What is the difference between OpenAI, Anthropic, and open-source LLMs?

Provider	Models	Key Strengths	Notes
OpenAI	GPT-4o, o1, o3	Widest ecosystem, function calling	Proprietary, usage-based pricing
Anthropic	Claude 3.5 Sonnet/Opus	Long context (200K), safety, coding	Proprietary
Google	Gemini 1.5 Pro/Flash	1M context, multimodal	Proprietary
Meta	Llama 3.1 (8B/70B/405B)	Open weights, self-hostable	Open source (custom license)
Mistral	Mistral 7B, Mixtral	Efficient MoE, open weights	Open source

Self-hosted (Ollama):

bashollama run llama3.1  # run locally
curl http://localhost:11434/api/generate -d '{"model":"llama3.1","prompt":"Hello"}'

Common AI interview gotchas

Q: What's the difference between parameters and hyperparameters? Parameters = weights the model learns during training (billions of floats). Hyperparameters = settings YOU choose before training (learning rate, batch size, number of layers, temperature at inference).

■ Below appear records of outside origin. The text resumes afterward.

lemma exp_chernoff_exponent_eq_iff:
  fixes eps phi d :: real
  assumes "0 < eps" "0 < d"
  shows "exp (- (d^2 / (2 + d)) * (phi / (1 + d))) = eps \<longleftrightarrow>
         (phi + ln eps) * d^2 + 3 * ln eps * d + 2 * ln eps = 0"
proof -
  have expand: "(phi + ln eps) * d^2 + 3 * ln eps * d + 2 * ln eps =
                d^2 * phi + ln eps * ((2 + d) * (1 + d))"
    by (simp add: algebra_simps power2_eq_square)
  have "exp (- (d^2 / (2 + d)) * (phi / (1 + d))) = eps \<longleftrightarrow>
        - (d^2 / (2 + d)) * (phi / (1 + d)) = ln eps"
    using assms(1) by auto
  also have "\<dots> \<longleftrightarrow> - (d^2 * phi) = ln eps * ((2 + d) * (1 + d))"
  proof -
    have "(2 + d) * (1 + d) \<noteq> 0"
      using assms(2) by simp
    moreover have "- (d^2 / (2 + d)) * (phi / (1 + d)) = - (d^2 * phi) / ((2 + d) * (1 + d))"
      by simp
    ultimately show ?thesis
      by (simp only: divide_eq_eq not_False_eq_True if_True)
  qed
  also have "\<dots> \<longleftrightarrow> (phi + ln eps) * d^2 + 3 * ln eps * d + 2 * ln eps = 0"
    unfolding expand by linarith
  finally show ?thesis .
qed

lemma chernoff_delta_eq_quadratic_root:
  "chernoff_delta eps phi =
     (- (3 * ln eps) + sqrt (discrim (phi + ln eps) (3 * ln eps) (2 * ln eps))) / (2 * (phi + ln eps))"
  unfolding chernoff_delta_def Let_def discrim_def by (simp add: power2_eq_square algebra_simps)

lemma chernoff_delta_characterization:
  fixes eps phi d :: real
  assumes eps: "0 < eps" "eps < 1" and phi: "- 6 * ln eps < phi"
  shows "chernoff_delta eps phi \<in> {0<..<1}"
    and "0 < d \<Longrightarrow> exp (- (d^2 / (2 + d)) * (phi / (1 + d))) = eps \<longleftrightarrow> d = chernoff_delta eps phi"
proof -
  have "ln eps < 0"
    using eps by simp
  then have a: "0 < phi + ln eps" and c: "2 * ln eps < 0"
    using phi by linarith+
  note root = quadratic_positive_root[OF a c chernoff_delta_eq_quadratic_root]
  show "0 < d \<Longrightarrow> exp (- (d^2 / (2 + d)) * (phi / (1 + d))) = eps \<longleftrightarrow> d = chernoff_delta eps phi"
    using root(2) exp_chernoff_exponent_eq_iff[OF eps(1)] by simp
  have "chernoff_delta eps phi < 1"
    using root(3)[of 1] phi by simp
  then show "chernoff_delta eps phi \<in> {0<..<1}"
    using root(1) by simp
qed

lemma chernoff_delta_exponent:
  fixes eps phi :: real
  assumes "0 < eps" "eps < 1" "- 6 * ln eps < phi"
  shows "- ((chernoff_delta eps phi)^2 / (2 + chernoff_delta eps phi))
           * (phi / (1 + chernoff_delta eps phi)) = ln eps"
  using chernoff_delta_characterization[OF assms] by (metis greaterThanLessThan_iff ln_exp)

Q: What does "GPT-4 has 1.7 trillion parameters" mean? The model has 1.7T numbers (float16) stored as its weights. More parameters generally = more capacity to learn patterns = larger model size in memory. GPT-4 @ float16 ≈ 3.4TB RAM.

Q: What is the difference between generative and discriminative models? Discriminative models (classifiers) learn to distinguish between classes — output is a label (spam/not spam). Generative models learn the underlying data distribution and can generate new samples — LLMs generate text, diffusion models generate images.

Q: What is overfitting? Model memorizes training data too well — performs great on training examples, poorly on new data. Signs: training loss low, validation loss high. Fixes: more data, regularization (dropout, weight decay), early stopping, simpler model.

Q: What is zero-shot vs few-shot learning? Zero-shot: model performs a task with no examples in the prompt — relies purely on training. Few-shot: provide 2–5 examples in the prompt showing input→output pairs — dramatically improves performance on specific formats/tasks. In-context learning (few-shot) is a core LLM superpower.